C'est ainsi que leurs coeurs, ces mobiles joujous,
Pour mieux suir le danger s'ouvrent à tous les goûts.
A vingt Beaux, tour à tour, telle s;'offre une glace;
Un Blondin y brillait, un Plumet le remplace.
D'inconstance aux mortels ces goûts semblent l'effet:
Aveugles obstinés! les Sylphes ont tout fait!

"ARIEL est l'un d'eux; c'est ainsi qu'on m'appelle,
Et je suis de tes jours le protecteur fidelle.
Hier même, des airs traversant le crystal,
J'ai lu sur ta planète, en son miroir fatal,
Qu'un noir complot, hélas! se trame, et te menace
Avant que le soleil à la nuit ait fait place:
Mais le Ciel tait le lieu, l'heure, les ennemis.
Ma fille! garde-toi; d'un Sylphe suis l'avis;
C'est le dernier secours qui soit en ma puissance:
Crains tout; mais crains sur-tout l'homme et sa mal-faisance!"

Il dit; de sa maîtresse accusant le sommeil,
Trim saute, et de sa langue, il hâte son réveil.
Pour la première fois, si ma Muse en est crue,
Un billet-doux, BELINDE, alors frappa ta vue.
Mais à peine tu lis, ARDEUR, BLESSURE, ATTRAIT,
Soudain de ton cerveau le songe disparait.

De vases précieux dévotement parée,
La toilette sans voile est déjà préparée.
D'abord, la Nymphe en blanc, d'un front respectueux,
Bénit du Dieu du teint le pouvoir onctueux.

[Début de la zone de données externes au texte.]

lemma A_eval_knf: "A \<otimes> eval_knf x = eval_knf (knf_mult_a x)"
proof -
  have "A \<otimes> eval_knf x = (A \<otimes> S [^] snd x) \<otimes> eval_fnf (fst x)"
    by (simp add: eval_knf_def m_assoc)
  also have "\<dots> = S [^] snd x \<otimes> (A \<otimes> (B [^] (- snd x) \<otimes> eval_fnf (fst x)))"
    by (simp add: A_S_pow m_assoc)
  finally show ?thesis
    by (simp add: eval_knf_def knf_mult_a_def eval_fnf_mult_a eval_fnf_mult_b A_if_def)
qed

lemma inv_A_eval_knf: "inv A \<otimes> eval_knf x = eval_knf (knf_mult_a_inv x)"
proof -
  have "inv A \<otimes> eval_knf x = (inv A \<otimes> S [^] snd x) \<otimes> eval_fnf (fst x)"
    by (simp add: eval_knf_def m_assoc)
  also have "\<dots> = S [^] snd x \<otimes> (B [^] snd x \<otimes> (inv A \<otimes> eval_fnf (fst x)))"
    by (simp add: inv_A_S_pow m_assoc)
  finally show ?thesis
    by (simp add: eval_knf_def knf_mult_a_inv_def eval_fnf_mult_a eval_fnf_mult_b A_if_def)
qed

lemma B_pow_eval_knf: "B [^] (n::int) \<otimes> eval_knf x = eval_knf (knf_mult_b n x)"
  by (simp add: eval_knf_def knf_mult_b_def eval_fnf_mult_b S_pow_B_pow flip: m_assoc)

lemma S_pow_eval_knf: "S [^] (n::int) \<otimes> eval_knf x = eval_knf (knf_mult_s n x)"
  by (simp add: eval_knf_def knf_mult_s_def int_pow_mult flip: m_assoc)

lemma generate_eval_knf:
  assumes "g \<in> generate G {A, B, S}" shows "g \<in> eval_knf ` {x. reduced_knf x}"
proof -
  define N where "N = eval_knf ` {x. reduced_knf x}"
  have N_carrier: "N \<subseteq> carrier G" by (auto simp: N_def)
  have "\<forall>y \<in> N. g \<otimes> y \<in> N"
    using assms
  proof (induction rule: generate.induct)
    case (incl h)
    then show ?case
      using A_eval_knf B_pow_eval_knf[of 1] S_pow_eval_knf[of 1] by (auto simp: N_def)
  next
    case (inv h)
    then show ?case
      using inv_A_eval_knf B_pow_eval_knf[of "-1"] S_pow_eval_knf[of "-1"]
      by (auto simp: N_def int_pow_neg)
  next
    case (eng h1 h2)
    have "h1 \<in> carrier G" "h2 \<in> carrier G"
      using eng.hyps generate_in_carrier[of "{A, B, S}"] by auto
    with eng.IH N_carrier show ?case by (auto simp: m_assoc)
  qed (use N_carrier in auto)
  moreover have "\<one> \<in> N"
    unfolding N_def by (rule image_eqI[of _ _ "((0, []), 0)"]) (simp_all add: eval_knf_def)
  ultimately have "g \<otimes> \<one> \<in> N" by blast
  moreover have "g \<in> carrier G"
    using generate_in_carrier[of "{A, B, S}"] assms by simp
  ultimately show ?thesis by (simp add: N_def)
qed

lemma A_if_S:
  "A_if i \<otimes> S = S \<otimes> B [^] (of_bool i :: int) \<otimes> A_if i \<otimes> B [^] (- of_bool (\<not> i) :: int)"
  using A_S_pow[of 1] inv_A_S_pow[of 1] by (cases i) (simp_all add: A_if_def)

lemma eval_fnf_S_syls:
  "eval_fnf (m, L) \<otimes> S = S \<otimes> eval_fnf (m + of_bool (starts_inv L), s_conj_syls L)"
proof (induction L arbitrary: m)
  case Nil
  then show ?case by (simp add: B_pow_S)
next
  case (Cons y L)
  obtain i m' where y: "y = (i, m')" by force
  define u where "u = (m' + of_bool (starts_inv L), s_conj_syls L)"
  have "eval_fnf (m, (i, m') # L) \<otimes> S = B [^] m \<otimes> (A_if i \<otimes> S) \<otimes> eval_fnf u"
    by (simp add: m_assoc Cons u_def)
  also have "\<dots> = (B [^] m \<otimes> S) \<otimes> B [^] (of_bool i :: int) \<otimes> A_if i
                    \<otimes> (B [^] (- of_bool (\<not> i) :: int) \<otimes> eval_fnf u)"
    unfolding A_if_S by (simp add: m_assoc)
  also have "\<dots> = S \<otimes> (B [^] (m + of_bool i) \<otimes> A_if i \<otimes> eval_fnf (fnf_mult_b (- of_bool (\<not> i)) u))"
    unfolding B_pow_S by (simp add: int_pow_mult eval_fnf_mult_b m_assoc)
  finally show ?case by (simp add: y u_def fnf_mult_b_def)
qed

lemma eval_fnf_S: "eval_fnf u \<otimes> S = S \<otimes> eval_fnf (s_conj u)"
  using eval_fnf_S_syls[of "fst u" "snd u"] by (simp add: s_conj_def)

lemma conj_A_B_pow: "(A \<otimes> B \<otimes> inv A) [^] (n::int) = A \<otimes> B [^] n \<otimes> inv A"
proof -
  interpret conj: group_hom G G "\<lambda>x. A \<otimes> x \<otimes> inv A"
    by (rule group_hom_conjugation) simp
  show ?thesis using conj.hom_int_pow[of B n] by simp
qed

lemma eval_fnf_alternating:
  "alternating L \<Longrightarrow> eval_fnf (m, L) \<in> generate G {A \<otimes> B \<otimes> inv A, B, S}"
proof (induction L arbitrary: m rule: induct_list012)
  case 1
  show ?case
    by (simp add: generate.incl subgroup_int_pow_closed[OF generate_is_subgroup])
next
  case (3 x y L)
  obtain m1 m2 where "x = (False, m1)" "y = (True, m2)" using "3.prems" by (cases x; cases y) auto
  then have "eval_fnf (m, x # y # L) = B [^] m \<otimes> (A \<otimes> B \<otimes> inv A) [^] m1 \<otimes> eval_fnf (m2, L)"
    unfolding conj_A_B_pow by (simp add: A_if_def m_assoc)
  moreover have "eval_fnf (m2, L) \<in> generate G {A \<otimes> B \<otimes> inv A, B, S}"
    using "3.IH" "3.prems" \<open>x = (False, m1)\<close> \<open>y = (True, m2)\<close> by simp
  ultimately show ?case
    by (simp add: generate.incl subgroup_int_pow_closed[OF generate_is_subgroup]
                  subgroup.m_closed[OF generate_is_subgroup])
qed simp

lemma conj_A_B_commutes_S: "(A \<otimes> B \<otimes> inv A) \<otimes> S = S \<otimes> (A \<otimes> B \<otimes> inv A)"
proof -
  have "(A \<otimes> B \<otimes> inv A) \<otimes> S = A \<otimes> (B \<otimes> S) \<otimes> B \<otimes> inv A"
    using inv_A_S_pow[of 1] by (simp add: m_assoc)
  also have "\<dots> = (A \<otimes> S) \<otimes> B \<otimes> B \<otimes> inv A"
    by (simp add: S_B m_assoc)
  also have "\<dots> = S \<otimes> (A \<otimes> B \<otimes> inv A)"
    using A_S_pow[of 1] by (simp add: m_assoc int_pow_neg)
  finally show ?thesis .
qed

lemma generate_subset_centraliser: "generate G {A \<otimes> B \<otimes> inv A, B, S} \<subseteq> centraliser G S"
  using conj_A_B_commutes_S S_B
  by (intro generate_subgroup_incl centraliser_subgroup) (auto simp: centraliser_def)

end

text \<open>The action is used only to show that normal forms are unique (eval_fnf_inj).\<close>

locale K_model = K_relations +
  fixes act :: "'a \<Rightarrow> knf \<Rightarrow> knf"
  assumes generated: "carrier G = generate G {A, B, S}"
    and act_mult: "\<lbrakk>g \<in> carrier G; h \<in> carrier G; reduced_knf x\<rbrakk> \<Longrightarrow> act (g \<otimes> h) x = act g (act h x)"
    and act_reduced: "\<lbrakk>g \<in> carrier G; reduced_knf x\<rbrakk> \<Longrightarrow> reduced_knf (act g x)"
    and act_one: "reduced_knf x \<Longrightarrow> act \<one> x = x"
    and act_A: "reduced_knf x \<Longrightarrow> act A x = knf_mult_a x"
    and act_B: "reduced_knf x \<Longrightarrow> act B x = knf_mult_b 1 x"
begin

lemma act_inv_A: "reduced_knf x \<Longrightarrow> act (inv A) x = knf_mult_a_inv x"
  using act_mult[of "inv A" A "knf_mult_a_inv x"] act_one[of "knf_mult_a_inv x"]
  by (simp add: act_A)

lemma act_B_pow: "reduced_knf x \<Longrightarrow> act (B [^] (n::int)) x = knf_mult_b n x"
proof (induction n arbitrary: x rule: int_induct[where k = 0])
  case base
  then show ?case by (simp add: act_one)
next
  case (step1 n)
  then show ?case by (simp add: int_pow_mult act_mult act_B)
next
  case (step2 n)
  have "act (B [^] (n - 1)) x = act (B [^] (n - 1) \<otimes> B) (knf_mult_b (- 1) x)"
    using step2.prems by (simp add: act_mult act_B)
  also have "B [^] (n - 1) \<otimes> B = B [^] n"
    using int_pow_mult[of B "n - 1" 1] by simp
  also have "act (B [^] n) (knf_mult_b (- 1) x) = knf_mult_b (n - 1) x"
    using step2 by simp
  finally show ?case .
qed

Le miroir offre ensuite une céleste Image,
Qui de BELINDE attire et les yeux et l'hommage.
La Sous-Prêtresse tremble auprès de ses autels,
En ouvrant de l'orgueil les Rites solemnels.

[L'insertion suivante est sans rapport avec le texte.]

lemma measurement_noisy:
  assumes ss: "state_space S u" and M: "measurement S u \<Omega> M" and T: "trivial_meas u \<Omega> T"
    and l: "0 \<le> l" "l \<le> 1"
  shows "measurement S u \<Omega> (noisy l M T)"
proof -
  obtain p where p: "\<And>x. x \<in> \<Omega> \<Longrightarrow> 0 \<le> p x" "(\<Sum>x\<in>\<Omega>. p x) = 1"
    and Tp: "\<And>x. x \<in> \<Omega> \<Longrightarrow> T x = (\<lambda>v. p x * u v)"
    using T unfolding trivial_meas_def by blast
  have fin: "finite \<Omega>" using M unfolding measurement_def by blast
  have "effect S (noisy l M T x)" if x: "x \<in> \<Omega>" for x
  proof -
    have Mx: "effect S (M x)" using M x unfolding measurement_def by blast
    have "p x \<le> 1"
      using member_le_sum[of x \<Omega> p] x p fin by auto
    moreover have "linear (noisy l M T x)"
      using effectD(1)[OF Mx] state_spaceD(1)[OF ss]
      by (simp add: noisy_def Tp[OF x] linear_compose_add linear_mult_left_real mult.assoc[symmetric])
    moreover have "0 \<le> l * M x s + (1 - l) * p x" "l * M x s + (1 - l) * p x \<le> 1" if "s \<in> S" for s
      using effectD(2,3)[OF Mx that] p(1)[OF x] l \<open>p x \<le> 1\<close>
      by (auto intro: convex_bound_le)
    ultimately show ?thesis
      unfolding effect_def noisy_def using Tp[OF x] state_spaceD(2)[OF ss] by auto
  qed
  moreover have "(\<Sum>x\<in>\<Omega>. noisy l M T x v) = u v" for v
  proof -
    have "(\<Sum>x\<in>\<Omega>. noisy l M T x v) =
        l * (\<Sum>x\<in>\<Omega>. M x v) + (1 - l) * (\<Sum>x\<in>\<Omega>. p x) * u v"
      by (simp add: noisy_def Tp sum.distrib sum_distrib_left sum_distrib_right mult.assoc)
    then show ?thesis using M p(2) unfolding measurement_def by (simp add: algebra_simps)
  qed
  ultimately show ?thesis using fin unfolding measurement_def by blast
qed

lemma trivial_meas_uniform: "trivial_meas u dichotomic (\<lambda>_ v. u v / 2)"
  unfolding trivial_meas_def by (intro exI[of _ "\<lambda>_. 1/2"]) (simp add: dichotomic_def)

lemma noisy_compatible_uniformI:
  assumes ss: "state_space S u"
    and M1: "measurement S u dichotomic M1" and M2: "measurement S u dichotomic M2"
    and l: "0 \<le> l" "l \<le> 1" and k: "linear k"
    and bounds: "\<And>s. s \<in> S \<Longrightarrow> 0 \<le> k s \<and> l * M1 Plus s + l * M2 Plus s - l \<le> k s \<and>
        k s \<le> l * M1 Plus s + (1 - l) / 2 \<and> k s \<le> l * M2 Plus s + (1 - l) / 2"
  shows "noisy_compatible S u dichotomic dichotomic M1 M2 l"
proof -
  let ?T = "\<lambda>_ v. u v / 2"
  have on_states: "noisy l M ?T Plus s = l * M Plus s + (1 - l) / 2" if "s \<in> S" for M s
    using state_spaceD(2)[OF ss that] by (simp add: noisy_def)
  have "compatible S u dichotomic dichotomic (noisy l M1 ?T) (noisy l M2 ?T)"
  proof (rule compatible_dichotomicI[OF ss _ _ k])
    show "measurement S u dichotomic (noisy l M1 ?T)" "measurement S u dichotomic (noisy l M2 ?T)"
      using measurement_noisy[OF ss _ trivial_meas_uniform l] M1 M2 by auto
    show "0 \<le> k s \<and> noisy l M1 ?T Plus s + noisy l M2 ?T Plus s - 1 \<le> k s \<and>
        k s \<le> noisy l M1 ?T Plus s \<and> k s \<le> noisy l M2 ?T Plus s" if "s \<in> S" for s
      using bounds[OF that] by (simp add: on_states[OF that])
  qed
  then show ?thesis
    unfolding noisy_compatible_def using trivial_meas_uniform by blast
qed

lemma noisy_compatible_half:
  assumes ss: "state_space S u"
    and M1: "measurement S u dichotomic M1" and M2: "measurement S u dichotomic M2"
  shows "noisy_compatible S u dichotomic dichotomic M1 M2 (1/2)"
proof (rule noisy_compatible_uniformI[OF assms])
  note e = measurement_dichotomicD(1)[OF M1, of Plus] and f = measurement_dichotomicD(1)[OF M2, of Plus]
  show "linear (\<lambda>v. 1/4 * (M1 Plus v + M2 Plus v))"
    using effectD(1)[OF e] effectD(1)[OF f] by (intro linear_mult_left_real linear_compose_add)
  fix s assume s: "s \<in> S"
  show "0 \<le> 1/4 * (M1 Plus s + M2 Plus s) \<and>
      1/2 * M1 Plus s + 1/2 * M2 Plus s - 1/2 \<le> 1/4 * (M1 Plus s + M2 Plus s) \<and>
      1/4 * (M1 Plus s + M2 Plus s) \<le> 1/2 * M1 Plus s + (1 - 1/2) / 2 \<and>
      1/4 * (M1 Plus s + M2 Plus s) \<le> 1/2 * M2 Plus s + (1 - 1/2) / 2"
    using effectD(2,3)[OF e s] effectD(2,3)[OF f s] by simp
qed simp_all

section \<open>Affinely dependent optimal states\<close>

definition joint_level_set ::
  "'a set \<Rightarrow> ('a \<Rightarrow> real) \<Rightarrow> ('a \<Rightarrow> real) \<Rightarrow> real \<Rightarrow> real \<Rightarrow> 'a set"
  where "joint_level_set S e f a b = {s\<in>S. e s = a \<and> f s = b}"

definition optimal_parallelogram ::
  "'a::real_vector set \<Rightarrow> ('a \<Rightarrow> real) \<Rightarrow> ('a \<Rightarrow> real) \<Rightarrow> bool"
  where "optimal_parallelogram S e f \<longleftrightarrow>
    (\<exists>s1\<in>joint_level_set S e f 1 1. \<exists>s2\<in>joint_level_set S e f 1 0.
     \<exists>s3\<in>joint_level_set S e f 0 0. \<exists>s4\<in>joint_level_set S e f 0 1. s1 + s3 = s2 + s4)"

lemma affine_dependent_iff_parallelogram:
  fixes e f :: "'a::euclidean_space \<Rightarrow> real"
  assumes lin: "linear e" "linear f"
    and levels: "e s1 = 1" "e s2 = 1" "e s3 = 0" "e s4 = 0" "f s1 = 1" "f s4 = 1" "f s2 = 0" "f s3 = 0"
  shows "affine_dependent {s1, s2, s3, s4} \<longleftrightarrow> s1 + s3 = s2 + s4"
proof -
  have distinct: "s1 \<noteq> s2" "s1 \<noteq> s3" "s1 \<noteq> s4" "s2 \<noteq> s3" "s2 \<noteq> s4" "s3 \<noteq> s4"
    using levels by auto
  note explicit = affine_dependent_explicit_finite[of "{s1, s2, s3, s4}", simplified]
  show ?thesis
  proof
    assume "affine_dependent {s1, s2, s3, s4}"
    then obtain c where c_sum: "c s1 + c s2 + c s3 + c s4 = 0"
      and c_nonzero: "c s1 \<noteq> 0 \<or> c s2 \<noteq> 0 \<or> c s3 \<noteq> 0 \<or> c s4 \<noteq> 0"
      and comb: "c s1 *\<^sub>R s1 + c s2 *\<^sub>R s2 + c s3 *\<^sub>R s3 + c s4 *\<^sub>R s4 = 0"
      unfolding explicit using distinct by (auto simp: algebra_simps)
    have "c s1 + c s2 = 0"
      using arg_cong[OF comb, of e] levels
      by (simp add: linear_add[OF lin(1)] linear_scale[OF lin(1)] linear_0[OF lin(1)])
    moreover have "c s1 + c s4 = 0"
      using arg_cong[OF comb, of f] levels
      by (simp add: linear_add[OF lin(2)] linear_scale[OF lin(2)] linear_0[OF lin(2)])
    ultimately have c: "c s2 = - c s1" "c s3 = c s1" "c s4 = - c s1" "c s1 \<noteq> 0"
      using c_sum c_nonzero by auto
    then have "c s1 *\<^sub>R ((s1 + s3) - (s2 + s4)) = 0"
      using comb by (simp add: algebra_simps)
    then show "s1 + s3 = s2 + s4" using c(4) by simp
  next
    assume "s1 + s3 = s2 + s4"
    then show "affine_dependent {s1, s2, s3, s4}"
      unfolding explicit using distinct
      by (intro exI[of _ "\<lambda>v. if v = s1 \<or> v = s3 then 1 else -1"]) (auto simp: algebra_simps)
  qed
qed

lemma gnorm_eqI:
  assumes "s0 \<in> S" "\<And>s. s \<in> S \<Longrightarrow> \<bar>g s\<bar> \<le> g s0"
  shows "gnorm S g = g s0"
  unfolding gnorm_def
  by (rule cSup_eq_maximum) (use assms in \<open>force+\<close>)

lemma Pbar_eq_1I:
  assumes M1: "measurement S u dichotomic M1" and M2: "measurement S u dichotomic M2"
    and optimal: "\<And>x y. \<exists>s\<in>S. M1 x s = 1 \<and> M2 y s = 1"
  shows "Pbar S M1 M2 = 1"
proof -
  have "gnorm S (\<lambda>v. M1 x v + M2 y v) = 2" for x y
  proof -
    obtain s0 where "s0 \<in> S" "M1 x s0 = 1" "M2 y s0 = 1"
      using optimal by blast
    moreover have "\<bar>M1 x s + M2 y s\<bar> \<le> 2" if "s \<in> S" for s
      using effectD(2,3)[OF measurement_dichotomicD(1)[OF M1] that, of x]
        effectD(2,3)[OF measurement_dichotomicD(1)[OF M2] that, of y] by fastforce
    ultimately show ?thesis
      using gnorm_eqI[of s0 S "\<lambda>v. M1 x v + M2 y v"] by simp
  qed
  then show ?thesis by (simp add: Pbar_def dichotomic_def)
qed

lemma optimal_parallelogram_iff_affine_dependent:
  assumes ss: "state_space S u"
    and M1: "measurement S u dichotomic M1" and M2: "measurement S u dichotomic M2"
  shows "optimal_parallelogram S (M1 Plus) (M2 Plus) \<longleftrightarrow>
    (Pbar S M1 M2 = 1 \<and>
     (\<exists>s1 s2 s3 s4. s1 \<in> S \<and> s2 \<in> S \<and> s3 \<in> S \<and> s4 \<in> S \<and>
        affine_dependent {s1, s2, s3, s4} \<and>
        M1 Plus s1 = 1 \<and> M1 Plus s2 = 1 \<and> M1 Plus s3 = 0 \<and> M1 Plus s4 = 0 \<and>
        M2 Plus s1 = 1 \<and> M2 Plus s4 = 1 \<and> M2 Plus s2 = 0 \<and> M2 Plus s3 = 0))"
    (is "_ \<longleftrightarrow> _ \<and> (\<exists>s1 s2 s3 s4. ?optimal s1 s2 s3 s4)")
proof -
  have lin: "linear (M1 Plus)" "linear (M2 Plus)"
    using effectD(1) measurement_dichotomicD(1) M1 M2 by blast+
  have Minus: "M Minus s = 1 - M Plus s" if "measurement S u dichotomic M" "s \<in> S" for M s
    using measurement_dichotomicD(2)[OF that(1)] state_spaceD(2)[OF ss that(2)] by simp
  show ?thesis
  proof
    assume "optimal_parallelogram S (M1 Plus) (M2 Plus)"
    then obtain s1 s2 s3 s4 where "s1 \<in> S" "s2 \<in> S" "s3 \<in> S" "s4 \<in> S"
      and levels: "M1 Plus s1 = 1" "M1 Plus s2 = 1" "M1 Plus s3 = 0" "M1 Plus s4 = 0"
        "M2 Plus s1 = 1" "M2 Plus s4 = 1" "M2 Plus s2 = 0" "M2 Plus s3 = 0"
      and "s1 + s3 = s2 + s4"
      unfolding optimal_parallelogram_def joint_level_set_def by auto
    moreover have "Pbar S M1 M2 = 1"
    proof (rule Pbar_eq_1I[OF M1 M2])
      fix x y
      show "\<exists>s\<in>S. M1 x s = 1 \<and> M2 y s = 1"
        using calculation Minus[OF M1] Minus[OF M2] by (cases x; cases y) auto
    qed
    ultimately show "Pbar S M1 M2 = 1 \<and> (\<exists>s1 s2 s3 s4. ?optimal s1 s2 s3 s4)"
      using affine_dependent_iff_parallelogram[OF lin levels] by blast
  next
    assume "Pbar S M1 M2 = 1 \<and> (\<exists>s1 s2 s3 s4. ?optimal s1 s2 s3 s4)"
    then obtain s1 s2 s3 s4 where "?optimal s1 s2 s3 s4" by blast
    then show "optimal_parallelogram S (M1 Plus) (M2 Plus)"
      using affine_dependent_iff_parallelogram[OF lin]
      unfolding optimal_parallelogram_def joint_level_set_def by blast
  qed
qed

D'innombrables trésors le Sanctuaire abonde,
Et là viennent s'unir tous les tributs du Monde.
Chaque vase fournit à son goût délicat,
Et l'Idole à ses soins doit un nouvel éclat.

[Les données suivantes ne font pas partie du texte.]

(* Let $W_{12}=\{(0,0,0),(0,0,1),(0,1,0),(1,0,0)\}\subseteq\{0,1\}^3$. Then $\Lambda(W_{12},3)=1$ and, for every integer $n\ge 4$, $$\Lambda(W_{12},n)=\frac12\binom n3 2^{n-3}.$$
   Context: The $n$-hypercube $Q_n$ is the graph on $\{0,1\}^n$ in which two sequences are adjacent iff they differ in exactly one coordinate. A $3$-subcube of $\{0,1\}^n$ is a set $C\subseteq\{0,1\}^n$ obtained by fixing $n-3$ coordinates to constant values and letting the remaining $3$ coordinates vary arbitrarily (equivalently, $Q_n[C]\cong Q_3$). For $H\subseteq\{0,1\}^3$ and $S\subseteq\{0,1\}^n$, a $3$-subcube $C$ gives a copy of $H$ in $S$ if there is a graph isomorphism $f$ from $Q_3$ to $Q_n[C]$ with $f(H)=S\cap C$. Let $\Lambda(H,S)$ be the number of $3$-subcubes giving a copy of $H$ in $S$, and $\Lambda(H,n)=\max\{\Lambda(H,S): S\subseteq\{0,1\}^n\}$ for $n\ge 3$. *)

theory Defs
  imports Complex_Main
begin

text \<open>Vertices of the n-hypercube: boolean lists of length n (True = 1, False = 0).\<close>
definition cube :: "nat \<Rightarrow> bool list set" where
  "cube n = {xs. length xs = n}"

definition adj :: "nat \<Rightarrow> bool list \<Rightarrow> bool list \<Rightarrow> bool" where
  "adj n x y \<longleftrightarrow> card {i. i < n \<and> x ! i \<noteq> y ! i} = 1"

definition is_3subcube :: "nat \<Rightarrow> bool list set \<Rightarrow> bool" where
  "is_3subcube n C \<longleftrightarrow> (\<exists>I base. I \<subseteq> {..<n} \<and> card I = 3 \<and> base \<in> cube n \<and>
      C = {x \<in> cube n. \<forall>i<n. i \<notin> I \<longrightarrow> x ! i = base ! i})"

definition cube_iso :: "nat \<Rightarrow> bool list set \<Rightarrow> (bool list \<Rightarrow> bool list) \<Rightarrow> bool" where
  "cube_iso n C f \<longleftrightarrow> bij_betw f (cube 3) C \<and>
     (\<forall>x\<in>cube 3. \<forall>y\<in>cube 3. adj 3 x y \<longleftrightarrow> adj n (f x) (f y))"

definition gives_copy :: "nat \<Rightarrow> bool list set \<Rightarrow> bool list set \<Rightarrow> bool list set \<Rightarrow> bool" where
  "gives_copy n H S C \<longleftrightarrow> (\<exists>f. cube_iso n C f \<and> f ` H = S \<inter> C)"

definition Lambda_set :: "nat \<Rightarrow> bool list set \<Rightarrow> bool list set \<Rightarrow> nat" where
  "Lambda_set n H S = card {C. is_3subcube n C \<and> gives_copy n H S C}"

definition Lambda :: "bool list set \<Rightarrow> nat \<Rightarrow> nat" where
  "Lambda H n = Max {Lambda_set n H S | S. S \<subseteq> cube n}"

definition W12 :: "bool list set" where
  "W12 = {[False,False,False], [False,False,True], [False,True,False], [True,False,False]}"

end

theory Submission
  imports Defs
begin

text \<open>A \<open>3\<close>-subcube \<open>C\<close> gives a copy of \<open>W\<^sub>1\<^sub>2\<close> exactly when \<open>S\<close> meets \<open>C\<close> in a star, a vertex
  of \<open>C\<close> together with its three neighbours in \<open>C\<close>: \<open>W\<^sub>1\<^sub>2\<close> is the closed neighbourhood
  of \<open>000\<close>, and \<open>Q\<^sub>3\<close> is vertex-transitive.

  Upper bound: at most four of the eight facets of a \<open>4\<close>-subcube are stars. If both facets
  \<open>x\<^sub>i = c\<close> and \<open>x\<^sub>i = \<not> c\<close> are stars, with centres \<open>v\<close> and \<open>v'\<close>, then every other star facet
  \<open>x\<^sub>k = b\<close> forces \<open>v' = v + e\<^sub>i + e\<^sub>k\<close>, so all star facets lie in the directions \<open>i\<close> and \<open>k\<close>.
  Every \<open>3\<close>-subcube lies in \<open>n - 3\<close> subcubes of dimension \<open>4\<close>, so double counting gives
  \<open>(n - 3) \<cdot> #stars \<le> 4 \<cdot> C(n,4) \<cdot> 2\<^bsup>n-4\<^esup> = (n - 3) \<cdot> C(n,3) \<cdot> 2\<^bsup>n-4\<^esup>\<close>.

  Lower bound: let \<open>S\<close> consist of the vertices of weight \<open>0\<close> or \<open>1\<close> mod \<open>4\<close>. On a \<open>3\<close>-subcube
  with an even number \<open>b\<close> of coordinates fixed to \<open>1\<close>, \<open>S\<close> is the star centred at the vertex
  whose free coordinates are all \<open>0\<close> (if \<open>4 dvd b\<close>) or all \<open>1\<close> (otherwise), and at least half
  of all \<open>3\<close>-subcubes have \<open>b\<close> even. For \<open>n = 3\<close> there is only one \<open>3\<close>-subcube.\<close>

definition flip :: "bool list \<Rightarrow> nat \<Rightarrow> bool list" where
  "flip x i = x[i := \<not> x ! i]"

Là, Golconde a versé ses pierres transparentes,
Aden exhale ici ses vapeurs odorantes.
A l'écaille, plus loin, l'ivoire réuni,
Ou tachetés ou blancs, set en peignes poli.
Aux Mouches, Billet-doux, Bible, Houpes, Essence,
Des Epingles se joint la brillante ordonnance.
Superbe, la Déesse a saisi tous ses traits,
De moment en moment sent croître ses attraits,
Ajoute à leur pouvoir les charmes du sourire,
Rassemble tous les dons, soutiens de son empire,
D'un plus pur incarnat voit son teint s'animer,
Et de plus vifs éclairs son oeil brillant s'armer.
Les SYLPHES à l'envi parent leur Bien-aimée;
L'un forme des cheveux la tresse parfumée,
L'autre plisse un mouchoir, ceux-ci des Falbalas;
Et dans LISE on admire un art qu'elle n'a pas.